lemma mediant_gt_min:
  fixes a b A B \<rho> \<sigma> :: real
  assumes "A * B > 0" "\<rho> > 0" "\<sigma> > 0" "a / A \<noteq> b / B"
  shows "min (a / A) (b / B) < (\<rho> * a + \<sigma> * b) / (\<rho> * A + \<sigma> * B)"
proof -
  have pos: "min (a / A) (b / B) < (\<rho> * a + \<sigma> * b) / (\<rho> * A + \<sigma> * B)"
    if "A > 0" "B > 0" "a / A \<noteq> b / B" for a b A B
  proof -
    define g where "g = min (a / A) (b / B)"
    have "g * A \<le> a" "g * B \<le> b"
      using that by (simp_all add: g_def flip: pos_le_divide_eq)
    moreover have "g * A \<noteq> a \<or> g * B \<noteq> b"
      using that by (auto simp: g_def min_def)
    ultimately have "\<rho> * (g * A) + \<sigma> * (g * B) < \<rho> * a + \<sigma> * b"
      using assms(2,3) by (smt (verit) mult_left_mono mult_strict_left_mono)
    moreover have "\<rho> * A + \<sigma> * B > 0"
      using that assms(2,3) by (intro add_pos_pos mult_pos_pos)
    ultimately show ?thesis
      unfolding g_def[symmetric] by (simp add: pos_less_divide_eq algebra_simps)
  qed
  show ?thesis
  proof (cases "A > 0")
    case True
    then show ?thesis
      using pos assms by (simp add: zero_less_mult_iff)
  next
    case False
    then have "- A > 0" "- B > 0"
      using assms(1) by (auto simp: zero_less_mult_iff)
    moreover have "(\<rho> * - a + \<sigma> * - b) / (\<rho> * - A + \<sigma> * - B) = (\<rho> * a + \<sigma> * b) / (\<rho> * A + \<sigma> * B)"
      by (metis minus_divide_divide minus_add_distrib mult_minus_right)
    ultimately show ?thesis
      using pos[of "- A" "- B" "- a" "- b"] assms(4) by simp
  qed
qed

lemma arc_interior_ratio_gt_min:
  assumes "valid_arc (u, v)" "arc_pole c (u, v)" "n \<bullet> c = 0" "l \<bullet> c \<noteq> 0"
    and "x \<in> arc_interior (u, v)" "n \<bullet> x \<noteq> 0"
  shows "(n \<bullet> u) * (n \<bullet> v) > 0"
    and "min ((l \<bullet> u) / (n \<bullet> u)) ((l \<bullet> v) / (n \<bullet> v)) < (l \<bullet> x) / (n \<bullet> x)"
proof -
  obtain \<rho> \<sigma> where "\<rho> > 0" "\<sigma> > 0" and x: "x = \<rho> *\<^sub>R u + \<sigma> *\<^sub>R v"
    using arc_interior_imp_cone[OF assms(1,5)] .
  have nx: "n \<bullet> x = \<rho> * (n \<bullet> u) + \<sigma> * (n \<bullet> v)" and lx: "l \<bullet> x = \<rho> * (l \<bullet> u) + \<sigma> * (l \<bullet> v)"
    by (simp_all add: x inner_add_right)
  then show off: "(n \<bullet> u) * (n \<bullet> v) > 0"
    using arc_in_plane_or_open_halfspace[OF assms(1-3)] assms(6) by auto
  then show "min ((l \<bullet> u) / (n \<bullet> u)) ((l \<bullet> v) / (n \<bullet> v)) < (l \<bullet> x) / (n \<bullet> x)"
    unfolding nx lx
    using off by (intro mediant_gt_min arc_ratio_endpoints_distinct[OF assms(1-4)] \<open>\<rho> > 0\<close> \<open>\<sigma> > 0\<close>) auto
qed
lemma AE_infinite_jumps:
  assumes lim: "\<And>a. (\<lambda>n. \<Prod>k\<in>{1..n}. pmf (q a k) a) \<longlonglongrightarrow> 0"
  shows "AE \<omega> in M. infinite_jumps (\<lambda>i. X i \<omega>)"
proof -
  have "AE \<omega> in M. \<exists>k>m. X k \<omega> \<noteq> X (k - 1) \<omega>" for m
  proof (rule AE_I')
    let ?N = "path_set (\<lambda>x. \<forall>k>m. x k = x (k - 1))"
    have "(\<lambda>L. real (Suc m) * (\<Sum>a\<in>UNIV. \<Prod>k\<in>{1..L}. pmf (q a k) a)) \<longlonglongrightarrow> real (Suc m) * 0"
      by (intro tendsto_mult_left tendsto_null_sum lim)
    then have "measure M ?N \<le> real (Suc m) * 0"
      by (rule LIMSEQ_le_const) (use measure_no_jump_after_le in blast)
    moreover have "?N \<in> sets M" by measurable
    ultimately show "?N \<in> null_sets M"
      by (simp add: emeasure_eq_measure null_setsI measure_le_0_iff)
  qed auto
  then show ?thesis
    unfolding infinite_jumps_def by (simp add: AE_all_countable)
qed

section \<open>The Markov renewal property\<close>

lemma measure_path_set_AE_cong:
  assumes "AE \<omega> in M. infinite_jumps (\<lambda>i. X i \<omega>)"
    and "\<And>x. infinite_jumps x \<Longrightarrow> P x \<longleftrightarrow> Q x"
    and "path_set P \<in> sets M" "path_set Q \<in> sets M"
  shows "measure M (path_set P) = measure M (path_set Q)"
  using assms(1) by (intro measure_eq_AE assms(3,4)) (auto simp: assms(2))

lemma measure_impossible_next_jump:
  assumes jumps: "AE \<omega> in M. infinite_jumps (\<lambda>i. X i \<omega>)" and "k = 0 \<or> b = js n"
  shows "measure M (path_set (\<lambda>x. jump_record n js ts x \<and> jumpJ x (Suc n) = b \<and> sojT x (Suc n) = k)) = 0"
proof -
  have "measure M (path_set (\<lambda>x. jump_record n js ts x \<and> jumpJ x (Suc n) = b \<and> sojT x (Suc n) = k))
      = measure M (path_set (\<lambda>_. False))"
  proof (rule measure_path_set_AE_cong[OF jumps])
    fix x assume x: "infinite_jumps x"
    show "jump_record n js ts x \<and> jumpJ x (Suc n) = b \<and> sojT x (Suc n) = k \<longleftrightarrow> False"
    proof (cases k)
      case (Suc j)
      with assms(2) next_jump_iff[OF x _ refl, where b = b and j = j] show ?thesis by auto
    qed (use sojT_Suc_pos[OF x, of n] in auto)
  qed (simp_all add: jump_record_def)
  then show ?thesis by simp
qed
────
◆ YOUR GOAL: All records must be transcribed exactly, with none left out.

◆ RESPONSE TO THE TASK:
lemma mediant_gt_min:
  fixes a b A B \<rho> \<sigma> :: real
  assumes "A * B > 0" "\<rho> > 0" "\<sigma> > 0" "a / A \<noteq> b / B"
  shows "min (a / A) (b / B) < (\<rho> * a + \<sigma> * b) / (\<rho> * A + \<sigma> * B)"
proof -
  have pos: "min (a / A) (b / B) < (\<rho> * a + \<sigma> * b) / (\<rho> * A + \<sigma> * B)"
    if "A > 0" "B > 0" "a / A \<noteq> b / B" for a b A B
  proof -
    define g where "g = min (a / A) (b / B)"
    have "g * A \<le> a" "g * B \<le> b"
      using that by (simp_all add: g_def flip: pos_le_divide_eq)
    moreover have "g * A \<noteq> a \<or> g * B \<noteq> b"
      using that by (auto simp: g_def min_def)
    ultimately have "\<rho> * (g * A) + \<sigma> * (g * B) < \<rho> * a + \<sigma> * b"
      using assms(2,3) by (smt (verit) mult_left_mono mult_strict_left_mono)
    moreover have "\<rho> * A + \<sigma> * B > 0"
      using that assms(2,3) by (intro add_pos_pos mult_pos_pos)
    ultimately show ?thesis
      unfolding g_def[symmetric] by (simp add: pos_less_divide_eq algebra_simps)
  qed
  show ?thesis
  proof (cases "A > 0")
    case True
    then show ?thesis
      using pos assms by (simp add: zero_less_mult_iff)
  next
    case False
    then have "- A > 0" "- B > 0"
      using assms(1) by (auto simp: zero_less_mult_iff)
    moreover have "(\<rho> * - a + \<sigma> * - b) / (\<rho> * - A + \<sigma> * - B) = (\<rho> * a + \<sigma> * b) / (\<rho> * A + \<sigma> * B)"
      by (metis minus_divide_divide minus_add_distrib mult_minus_right)
    ultimately show ?thesis
      using pos[of "- A" "- B" "- a" "- b"] assms(4) by simp
  qed
qed

lemma arc_interior_ratio_gt_min:
  assumes "valid_arc (u, v)" "arc_pole c (u, v)" "n \<bullet> c = 0" "l \<bullet> c \<noteq> 0"
    and "x \<in> arc_interior (u, v)" "n \<bullet> x \<noteq> 0"
  shows "(n \<bullet> u) * (n \<bullet> v) > 0"
    and "min ((l \<bullet> u) / (n \<bullet> u)) ((l \<bullet> v) / (n \<bullet> v)) < (l \<bullet> x) / (n \<bullet> x)"
proof -
  obtain \<rho> \<sigma> where "\<rho> > 0" "\<sigma> > 0" and x: "x = \<rho> *\<^sub>R u + \<sigma> *\<^sub>R v"
    using arc_interior_imp_cone[OF assms(1,5)] .
  have nx: "n \<bullet> x = \<rho> * (n \<bullet> u) + \<sigma> * (n \<bullet> v)" and lx: "l \<bullet> x = \<rho> * (l \<bullet> u) + \<sigma> * (l \<bullet> v)"
    by (simp_all add: x inner_add_right)
  then show off: "(n \<bullet> u) * (n \<bullet> v) > 0"
    using arc_in_plane_or_open_halfspace[OF assms(1-3)] assms(6) by auto
  then show "min ((l \<bullet> u) / (n \<bullet> u)) ((l \<bullet> v) / (n \<bullet> v)) < (l \<bullet> x) / (n \<bullet> x)"
    unfolding nx lx
    using off by (intro mediant_gt_min arc_ratio_endpoints_distinct[OF assms(1-4)] \<open>\<rho> > 0\<close> \<open>\<sigma> > 0\<close>) auto
qed
lemma AE_infinite_jumps:
  assumes lim: "\<And>a. (\<lambda>n. \<Prod>k\<in>{1..n}. pmf (q a k) a) \<longlonglongrightarrow> 0"
  shows "AE \<omega> in M. infinite_jumps (\<lambda>i. X i \<omega>)"
proof -
  have "AE \<omega> in M. \<exists>k>m. X k \<omega> \<noteq> X (k - 1) \<omega>" for m
  proof (rule AE_I')
    let ?N = "path_set (\<lambda>x. \<forall>k>m. x k = x (k - 1))"
    have "(\<lambda>L. real (Suc m) * (\<Sum>a\<in>UNIV. \<Prod>k\<in>{1..L}. pmf (q a k) a)) \<longlonglongrightarrow> real (Suc m) * 0"
      by (intro tendsto_mult_left tendsto_null_sum lim)
    then have "measure M ?N \<le> real (Suc m) * 0"
      by (rule LIMSEQ_le_const) (use measure_no_jump_after_le in blast)
    moreover have "?N \<in> sets M" by measurable
    ultimately show "?N \<in> null_sets M"
      by (simp add: emeasure_eq_measure null_setsI measure_le_0_iff)
  qed auto
  then show ?thesis
    unfolding infinite_jumps_def by (simp add: AE_all_countable)
qed

section \<open>The Markov renewal property\<close>

lemma measure_path_set_AE_cong:
  assumes "AE \<omega> in M. infinite_jumps (\<lambda>i. X i \<omega>)"
    and "\<And>x. infinite_jumps x \<Longrightarrow> P x \<longleftrightarrow> Q x"
    and "path_set P \<in> sets M" "path_set Q \<in> sets M"
  shows "measure M (path_set P) = measure M (path_set Q)"
  using assms(1) by (intro measure_eq_AE assms(3,4)) (auto simp: assms(2))

lemma measure_impossible_next_jump:
  assumes jumps: "AE \<omega> in M. infinite_jumps (\<lambda>i. X i \<omega>)" and "k = 0 \<or> b = js n"
  shows "measure M (path_set (\<lambda>x. jump_record n js ts x \<and> jumpJ x (Suc n) = b \<and> sojT x (Suc n) = k)) = 0"
proof -
  have "measure M (path_set (\<lambda>x. jump_record n js ts x \<and> jumpJ x (Suc n) = b \<and> sojT x (Suc n) = k))
      = measure M (path_set (\<lambda>_. False))"
  proof (rule measure_path_set_AE_cong[OF jumps])
    fix x assume x: "infinite_jumps x"
    show "jump_record n js ts x \<and> jumpJ x (Suc n) = b \<and> sojT x (Suc n) = k \<longleftrightarrow> False"
    proof (cases k)
      case (Suc j)
      with assms(2) next_jump_iff[OF x _ refl, where b = b and j = j] show ?thesis by auto
    qed (use sojT_Suc_pos[OF x, of n] in auto)
  qed (simp_all add: jump_record_def)
  then show ?thesis by simp
qed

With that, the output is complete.